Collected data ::

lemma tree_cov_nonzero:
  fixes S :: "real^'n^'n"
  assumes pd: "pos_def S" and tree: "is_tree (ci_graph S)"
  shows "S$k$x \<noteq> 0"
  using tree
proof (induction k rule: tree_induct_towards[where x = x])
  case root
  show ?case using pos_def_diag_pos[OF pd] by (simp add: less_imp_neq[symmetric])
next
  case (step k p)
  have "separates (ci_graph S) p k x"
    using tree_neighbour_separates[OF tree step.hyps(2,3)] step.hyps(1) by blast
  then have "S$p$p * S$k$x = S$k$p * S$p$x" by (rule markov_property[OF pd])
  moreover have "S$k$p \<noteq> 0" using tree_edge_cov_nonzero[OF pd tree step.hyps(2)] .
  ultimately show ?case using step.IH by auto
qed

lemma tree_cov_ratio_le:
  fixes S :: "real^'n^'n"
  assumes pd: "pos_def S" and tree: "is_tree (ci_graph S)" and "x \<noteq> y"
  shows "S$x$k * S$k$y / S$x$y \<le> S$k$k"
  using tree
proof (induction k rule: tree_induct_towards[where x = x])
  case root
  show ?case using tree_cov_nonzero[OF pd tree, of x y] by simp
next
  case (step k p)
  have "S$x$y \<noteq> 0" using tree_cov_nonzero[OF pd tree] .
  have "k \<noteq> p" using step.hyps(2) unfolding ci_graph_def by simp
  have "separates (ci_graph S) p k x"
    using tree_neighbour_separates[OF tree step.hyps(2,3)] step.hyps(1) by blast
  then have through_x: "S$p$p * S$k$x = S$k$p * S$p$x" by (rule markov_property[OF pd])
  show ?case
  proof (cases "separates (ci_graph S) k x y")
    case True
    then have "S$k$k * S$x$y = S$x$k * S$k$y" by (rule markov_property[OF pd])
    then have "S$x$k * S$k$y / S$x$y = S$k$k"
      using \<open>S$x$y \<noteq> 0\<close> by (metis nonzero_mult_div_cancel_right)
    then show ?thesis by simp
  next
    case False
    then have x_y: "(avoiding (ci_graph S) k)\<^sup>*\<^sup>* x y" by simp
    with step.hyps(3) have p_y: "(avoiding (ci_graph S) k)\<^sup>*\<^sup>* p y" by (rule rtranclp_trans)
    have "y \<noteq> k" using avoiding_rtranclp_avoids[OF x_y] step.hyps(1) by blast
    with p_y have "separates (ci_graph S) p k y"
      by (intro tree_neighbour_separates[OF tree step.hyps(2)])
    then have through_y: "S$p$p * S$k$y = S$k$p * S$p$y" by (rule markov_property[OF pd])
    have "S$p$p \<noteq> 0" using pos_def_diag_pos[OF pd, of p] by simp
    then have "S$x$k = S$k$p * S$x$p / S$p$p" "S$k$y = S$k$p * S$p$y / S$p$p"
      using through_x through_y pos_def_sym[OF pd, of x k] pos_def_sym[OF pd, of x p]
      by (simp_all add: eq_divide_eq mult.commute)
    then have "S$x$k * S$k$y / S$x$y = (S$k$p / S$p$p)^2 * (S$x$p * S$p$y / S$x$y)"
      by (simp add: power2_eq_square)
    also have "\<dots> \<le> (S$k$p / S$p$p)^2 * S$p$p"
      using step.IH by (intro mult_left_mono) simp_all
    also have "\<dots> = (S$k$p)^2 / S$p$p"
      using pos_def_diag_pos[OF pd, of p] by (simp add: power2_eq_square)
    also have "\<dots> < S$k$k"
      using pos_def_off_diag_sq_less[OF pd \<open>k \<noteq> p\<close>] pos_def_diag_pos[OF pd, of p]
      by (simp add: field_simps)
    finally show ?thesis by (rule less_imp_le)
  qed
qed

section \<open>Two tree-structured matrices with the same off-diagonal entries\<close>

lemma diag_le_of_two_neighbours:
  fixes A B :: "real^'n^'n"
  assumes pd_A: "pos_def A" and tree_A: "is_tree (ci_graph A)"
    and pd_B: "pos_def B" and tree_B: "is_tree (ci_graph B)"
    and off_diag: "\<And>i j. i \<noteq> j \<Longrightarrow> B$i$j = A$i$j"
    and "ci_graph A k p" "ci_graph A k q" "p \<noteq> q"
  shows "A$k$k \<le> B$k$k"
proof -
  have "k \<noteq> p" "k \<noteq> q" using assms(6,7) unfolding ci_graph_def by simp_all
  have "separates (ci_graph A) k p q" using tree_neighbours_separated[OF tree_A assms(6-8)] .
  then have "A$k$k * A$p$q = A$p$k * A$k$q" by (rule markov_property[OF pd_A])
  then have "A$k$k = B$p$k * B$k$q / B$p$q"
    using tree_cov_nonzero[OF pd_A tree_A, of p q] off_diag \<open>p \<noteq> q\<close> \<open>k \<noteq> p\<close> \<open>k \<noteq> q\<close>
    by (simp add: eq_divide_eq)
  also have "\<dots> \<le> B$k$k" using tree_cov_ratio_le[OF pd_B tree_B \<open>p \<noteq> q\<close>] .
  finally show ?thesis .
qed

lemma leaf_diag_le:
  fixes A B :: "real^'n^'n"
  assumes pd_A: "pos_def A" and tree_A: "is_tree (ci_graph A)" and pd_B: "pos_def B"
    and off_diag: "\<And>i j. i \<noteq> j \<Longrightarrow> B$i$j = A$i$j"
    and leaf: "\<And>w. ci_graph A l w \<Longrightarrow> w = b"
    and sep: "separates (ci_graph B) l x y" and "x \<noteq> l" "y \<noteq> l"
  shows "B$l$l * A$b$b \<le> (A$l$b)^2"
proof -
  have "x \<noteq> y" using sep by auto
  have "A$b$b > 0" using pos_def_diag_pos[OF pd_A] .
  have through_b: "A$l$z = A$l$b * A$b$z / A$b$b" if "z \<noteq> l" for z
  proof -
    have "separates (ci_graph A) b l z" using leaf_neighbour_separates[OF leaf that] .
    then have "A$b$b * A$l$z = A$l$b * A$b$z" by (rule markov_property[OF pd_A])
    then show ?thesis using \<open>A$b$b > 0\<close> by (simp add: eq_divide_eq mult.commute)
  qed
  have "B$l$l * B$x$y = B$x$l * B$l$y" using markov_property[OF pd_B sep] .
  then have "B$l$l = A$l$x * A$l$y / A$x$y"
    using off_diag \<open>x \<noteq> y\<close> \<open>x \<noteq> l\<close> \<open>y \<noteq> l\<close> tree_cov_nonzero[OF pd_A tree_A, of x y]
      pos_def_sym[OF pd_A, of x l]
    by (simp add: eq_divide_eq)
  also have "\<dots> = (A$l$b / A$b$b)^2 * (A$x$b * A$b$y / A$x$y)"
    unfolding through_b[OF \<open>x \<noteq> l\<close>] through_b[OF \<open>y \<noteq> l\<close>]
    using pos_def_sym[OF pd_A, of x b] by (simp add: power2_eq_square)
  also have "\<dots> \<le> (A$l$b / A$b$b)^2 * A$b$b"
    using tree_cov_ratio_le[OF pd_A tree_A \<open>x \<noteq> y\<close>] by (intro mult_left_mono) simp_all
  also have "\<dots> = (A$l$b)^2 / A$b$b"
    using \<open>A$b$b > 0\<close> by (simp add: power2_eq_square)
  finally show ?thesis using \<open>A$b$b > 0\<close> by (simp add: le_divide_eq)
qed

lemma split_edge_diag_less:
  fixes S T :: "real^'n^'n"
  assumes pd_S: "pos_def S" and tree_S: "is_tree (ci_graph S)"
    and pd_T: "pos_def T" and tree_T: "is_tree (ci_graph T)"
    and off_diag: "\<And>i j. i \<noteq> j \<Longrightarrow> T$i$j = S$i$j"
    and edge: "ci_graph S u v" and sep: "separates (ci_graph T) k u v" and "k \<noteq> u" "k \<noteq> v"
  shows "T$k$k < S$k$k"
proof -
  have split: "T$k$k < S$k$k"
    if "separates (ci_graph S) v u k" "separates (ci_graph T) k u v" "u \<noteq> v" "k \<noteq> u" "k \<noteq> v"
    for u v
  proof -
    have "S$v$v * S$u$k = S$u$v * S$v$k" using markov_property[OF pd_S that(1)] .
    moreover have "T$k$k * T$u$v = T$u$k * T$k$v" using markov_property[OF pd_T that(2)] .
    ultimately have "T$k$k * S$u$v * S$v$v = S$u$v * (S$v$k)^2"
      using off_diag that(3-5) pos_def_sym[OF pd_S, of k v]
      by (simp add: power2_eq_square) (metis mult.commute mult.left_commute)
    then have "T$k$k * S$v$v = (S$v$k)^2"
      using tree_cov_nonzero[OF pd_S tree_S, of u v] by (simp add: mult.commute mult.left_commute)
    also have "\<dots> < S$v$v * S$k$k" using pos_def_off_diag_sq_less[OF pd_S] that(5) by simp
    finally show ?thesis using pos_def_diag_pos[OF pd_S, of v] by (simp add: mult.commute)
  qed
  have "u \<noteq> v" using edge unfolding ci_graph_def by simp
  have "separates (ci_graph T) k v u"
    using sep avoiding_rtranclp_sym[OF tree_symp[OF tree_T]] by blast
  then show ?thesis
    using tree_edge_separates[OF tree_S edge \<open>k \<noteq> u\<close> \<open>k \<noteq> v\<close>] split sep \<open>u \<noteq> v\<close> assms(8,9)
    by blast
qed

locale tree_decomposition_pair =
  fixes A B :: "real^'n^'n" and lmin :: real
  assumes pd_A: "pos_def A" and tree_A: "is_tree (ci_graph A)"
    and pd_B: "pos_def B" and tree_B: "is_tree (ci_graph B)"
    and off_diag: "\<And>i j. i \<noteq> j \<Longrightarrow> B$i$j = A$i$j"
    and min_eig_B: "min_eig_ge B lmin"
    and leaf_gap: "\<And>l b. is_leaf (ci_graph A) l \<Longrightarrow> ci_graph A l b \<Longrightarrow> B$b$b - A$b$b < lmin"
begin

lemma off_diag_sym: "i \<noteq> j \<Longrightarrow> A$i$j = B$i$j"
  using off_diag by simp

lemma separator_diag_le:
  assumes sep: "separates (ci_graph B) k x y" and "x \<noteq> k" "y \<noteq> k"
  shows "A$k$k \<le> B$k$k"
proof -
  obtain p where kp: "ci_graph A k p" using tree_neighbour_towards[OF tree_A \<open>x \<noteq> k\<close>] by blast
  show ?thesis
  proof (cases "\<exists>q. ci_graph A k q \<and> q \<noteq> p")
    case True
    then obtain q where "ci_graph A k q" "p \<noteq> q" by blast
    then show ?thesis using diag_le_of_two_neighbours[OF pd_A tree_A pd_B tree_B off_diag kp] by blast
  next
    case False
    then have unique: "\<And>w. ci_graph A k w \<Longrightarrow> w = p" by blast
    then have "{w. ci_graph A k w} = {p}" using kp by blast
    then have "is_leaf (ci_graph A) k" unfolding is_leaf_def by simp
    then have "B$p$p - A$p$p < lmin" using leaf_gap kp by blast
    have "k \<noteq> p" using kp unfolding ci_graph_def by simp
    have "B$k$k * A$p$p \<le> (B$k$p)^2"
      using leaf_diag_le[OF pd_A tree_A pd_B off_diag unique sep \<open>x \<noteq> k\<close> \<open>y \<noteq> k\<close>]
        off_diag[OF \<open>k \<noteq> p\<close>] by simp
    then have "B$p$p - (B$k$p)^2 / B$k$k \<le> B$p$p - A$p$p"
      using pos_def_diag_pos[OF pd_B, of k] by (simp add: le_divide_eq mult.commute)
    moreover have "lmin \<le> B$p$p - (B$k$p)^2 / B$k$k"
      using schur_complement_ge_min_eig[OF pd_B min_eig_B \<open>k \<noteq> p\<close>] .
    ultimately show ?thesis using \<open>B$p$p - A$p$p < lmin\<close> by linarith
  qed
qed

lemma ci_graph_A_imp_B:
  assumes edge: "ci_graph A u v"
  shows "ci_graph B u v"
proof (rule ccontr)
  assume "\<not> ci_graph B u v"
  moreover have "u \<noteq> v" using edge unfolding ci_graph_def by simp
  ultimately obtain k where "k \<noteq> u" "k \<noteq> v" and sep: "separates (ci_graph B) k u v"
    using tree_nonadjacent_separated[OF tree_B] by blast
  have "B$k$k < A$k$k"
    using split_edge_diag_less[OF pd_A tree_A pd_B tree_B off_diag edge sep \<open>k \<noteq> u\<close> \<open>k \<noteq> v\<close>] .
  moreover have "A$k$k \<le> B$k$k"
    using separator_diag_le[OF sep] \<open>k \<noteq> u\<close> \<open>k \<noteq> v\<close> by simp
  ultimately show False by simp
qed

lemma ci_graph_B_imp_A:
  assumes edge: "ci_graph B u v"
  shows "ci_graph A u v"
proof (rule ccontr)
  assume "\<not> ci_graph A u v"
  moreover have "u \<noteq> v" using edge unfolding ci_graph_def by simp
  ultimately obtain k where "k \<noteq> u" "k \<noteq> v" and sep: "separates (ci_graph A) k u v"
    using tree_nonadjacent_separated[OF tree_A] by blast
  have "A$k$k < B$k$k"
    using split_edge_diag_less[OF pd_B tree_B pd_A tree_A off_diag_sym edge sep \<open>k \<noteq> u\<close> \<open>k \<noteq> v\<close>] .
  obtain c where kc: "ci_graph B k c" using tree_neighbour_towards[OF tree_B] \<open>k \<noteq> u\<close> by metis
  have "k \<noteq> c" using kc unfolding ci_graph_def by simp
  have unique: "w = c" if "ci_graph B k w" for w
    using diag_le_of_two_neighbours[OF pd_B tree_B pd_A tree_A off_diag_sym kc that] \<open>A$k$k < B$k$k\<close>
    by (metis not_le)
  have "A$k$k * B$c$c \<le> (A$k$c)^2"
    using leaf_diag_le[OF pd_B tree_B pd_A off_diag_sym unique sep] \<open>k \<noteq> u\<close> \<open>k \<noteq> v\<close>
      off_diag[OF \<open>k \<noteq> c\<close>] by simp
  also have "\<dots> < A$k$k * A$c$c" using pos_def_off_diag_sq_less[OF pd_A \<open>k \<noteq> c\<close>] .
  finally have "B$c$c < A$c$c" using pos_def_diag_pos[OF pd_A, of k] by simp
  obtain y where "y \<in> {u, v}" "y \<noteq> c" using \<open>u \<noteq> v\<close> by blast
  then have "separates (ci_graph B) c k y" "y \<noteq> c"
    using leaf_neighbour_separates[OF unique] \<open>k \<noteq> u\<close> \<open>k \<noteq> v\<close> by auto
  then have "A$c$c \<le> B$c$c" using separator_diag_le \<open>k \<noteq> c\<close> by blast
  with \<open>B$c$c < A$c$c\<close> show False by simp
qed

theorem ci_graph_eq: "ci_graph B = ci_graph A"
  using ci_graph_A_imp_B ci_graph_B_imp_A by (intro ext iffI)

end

PROBLEM REQUIREMENTS :: All lines in the records above that contain "metis" are to be reported.

EXERCISE SOLUTION ::
      using \<open>S$x$y \<noteq> 0\<close> by (metis nonzero_mult_div_cancel_right)
      by (simp add: power2_eq_square) (metis mult.commute mult.left_commute)
  obtain c where kc: "ci_graph B k c" using tree_neighbour_towards[OF tree_B] \<open>k \<noteq> u\<close> by metis
    by (metis not_le)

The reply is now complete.